EXTRACTED DATA:
lemma eventually_nonzero_holomorphic:
  fixes f :: "complex \<Rightarrow> complex"
  assumes "f holomorphic_on - {0}" "\<beta> \<noteq> 0" "f \<beta> \<noteq> 0" "z \<noteq> 0"
  shows "\<forall>\<^sub>F w in at z. f w \<noteq> 0"
proof (cases "f z = 0")
  case True
  have "connected (- {0::complex})"
    by (rule connected_punctured_universe) simp
  then obtain r where "0 < r" "\<And>w. w \<in> ball z r - {z} \<Longrightarrow> f w \<noteq> 0"
    using isolated_zeros[OF assms(1) _ _ _ True, of \<beta>] assms by auto
  thus ?thesis
    unfolding eventually_at by (intro exI[of _ r]) (auto simp: dist_commute)
next
  case False
  have "isCont f z"
    using assms by (intro analytic_at_imp_isCont holomorphic_on_imp_analytic_at[OF assms(1)]) auto
  thus ?thesis
    using False by (simp add: isCont_def tendsto_imp_eventually_ne)
qed

lemma eventually_ellE_nonzero:
  assumes "norm p < 1" "f analytic_on - {0}" "\<And>z. z \<noteq> 0 \<Longrightarrow> f z \<noteq> 0"
    and "\<beta> \<noteq> 0" "f \<beta> = - 1" "z \<noteq> 0"
  shows "\<forall>\<^sub>F w in at z. ellE (f w) p \<noteq> 0"
proof (rule eventually_nonzero_holomorphic)
  show "(\<lambda>w. ellE (f w) p) holomorphic_on - {0}"
    using assms by (intro analytic_imp_holomorphic analytic_intros) auto
qed (use assms ellE_minus_one_nonzero in auto)

section \<open>Multiplicatively periodic functions\<close>

lemma powi_periodic:
  fixes G :: "complex \<Rightarrow> 'a"
  assumes per: "\<And>w. w \<noteq> 0 \<Longrightarrow> G (p * w) = G w" and "p \<noteq> 0" "w \<noteq> 0"
  shows "G (p powi m * w) = G w"
proof (induction m rule: int_induct[where k = 0])
  case (step1 i)
  have "G (p powi (i + 1) * w) = G (p * (p powi i * w))"
    using assms(2) by (simp add: power_int_add_1' mult.assoc)
  also have "\<dots> = G w"
    using per[of "p powi i * w"] assms step1 by simp
  finally show ?case .
next
  case (step2 i)
  have "G (p powi (i - 1) * w) = G (p * (p powi (i - 1) * w))"
    using per[of "p powi (i - 1) * w"] assms by simp
  also have "p * (p powi (i - 1) * w) = p powi i * w"
    using assms(2) power_int_add_1'[of p "i - 1"] by (simp add: mult.assoc)
  finally show ?case
    using step2 by simp
qed simp

lemma powi_mult_in_annulus:
  fixes p x :: complex
  assumes "norm p < 1" "p \<noteq> 0" "x \<noteq> 0"
  shows "\<exists>m. norm p \<le> norm (p powi m * x) \<and> norm (p powi m * x) \<le> 1"
proof -
  define L where "L = - ln (norm p)"
  have L: "L > 0" "exp (- L) = norm p"
    using assms by (auto simp: L_def)
  define m where "m = \<lceil>ln (norm x) / L\<rceil>"
  have m: "ln (norm x) / L \<le> m" "m - 1 < ln (norm x) / L"
    unfolding m_def by linarith+
  have norm_eq: "norm (p powi k * x) = exp (ln (norm x) - k * L)" for k
  proof -
    have "norm (p powi k * x) = exp (k * ln (norm p)) * exp (ln (norm x))"
      using assms by (simp add: norm_mult norm_power_int powr_real_of_int'[symmetric] powr_def)
    thus ?thesis
      by (simp add: L_def exp_add[symmetric] algebra_simps)
  qed
  have "ln (norm x) - m * L \<le> 0" "- L < ln (norm x) - m * L"
    using m L(1) by (simp_all add: field_simps)
  hence "norm (p powi m * x) \<le> 1" "exp (- L) \<le> norm (p powi m * x)"
    unfolding norm_eq by simp_all
  thus ?thesis
    using L(2) by auto
qed

lemma filterlim_divide_at:
  fixes c x :: complex
  assumes "c \<noteq> 0"
  shows "filterlim (\<lambda>w. w / c) (at x) (at (c * x))"
proof (rule filterlim_atI)
  show "((\<lambda>w. w / c) \<longlongrightarrow> x) (at (c * x))"
    using assms by (auto intro!: tendsto_eq_intros)
  show "\<forall>\<^sub>F w in at (c * x). w / c \<noteq> x"
    using eventually_neq_at_within[of "c * x" "c * x"] by eventually_elim (use assms in auto)
qed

THE TASK: Go through the lines above and copy any that contain "unfolding".

SOLUTION TO THIS TASK:
    unfolding eventually_at by (intro exI[of _ r]) (auto simp: dist_commute)
    unfolding m_def by linarith+
    unfolding norm_eq by simp_all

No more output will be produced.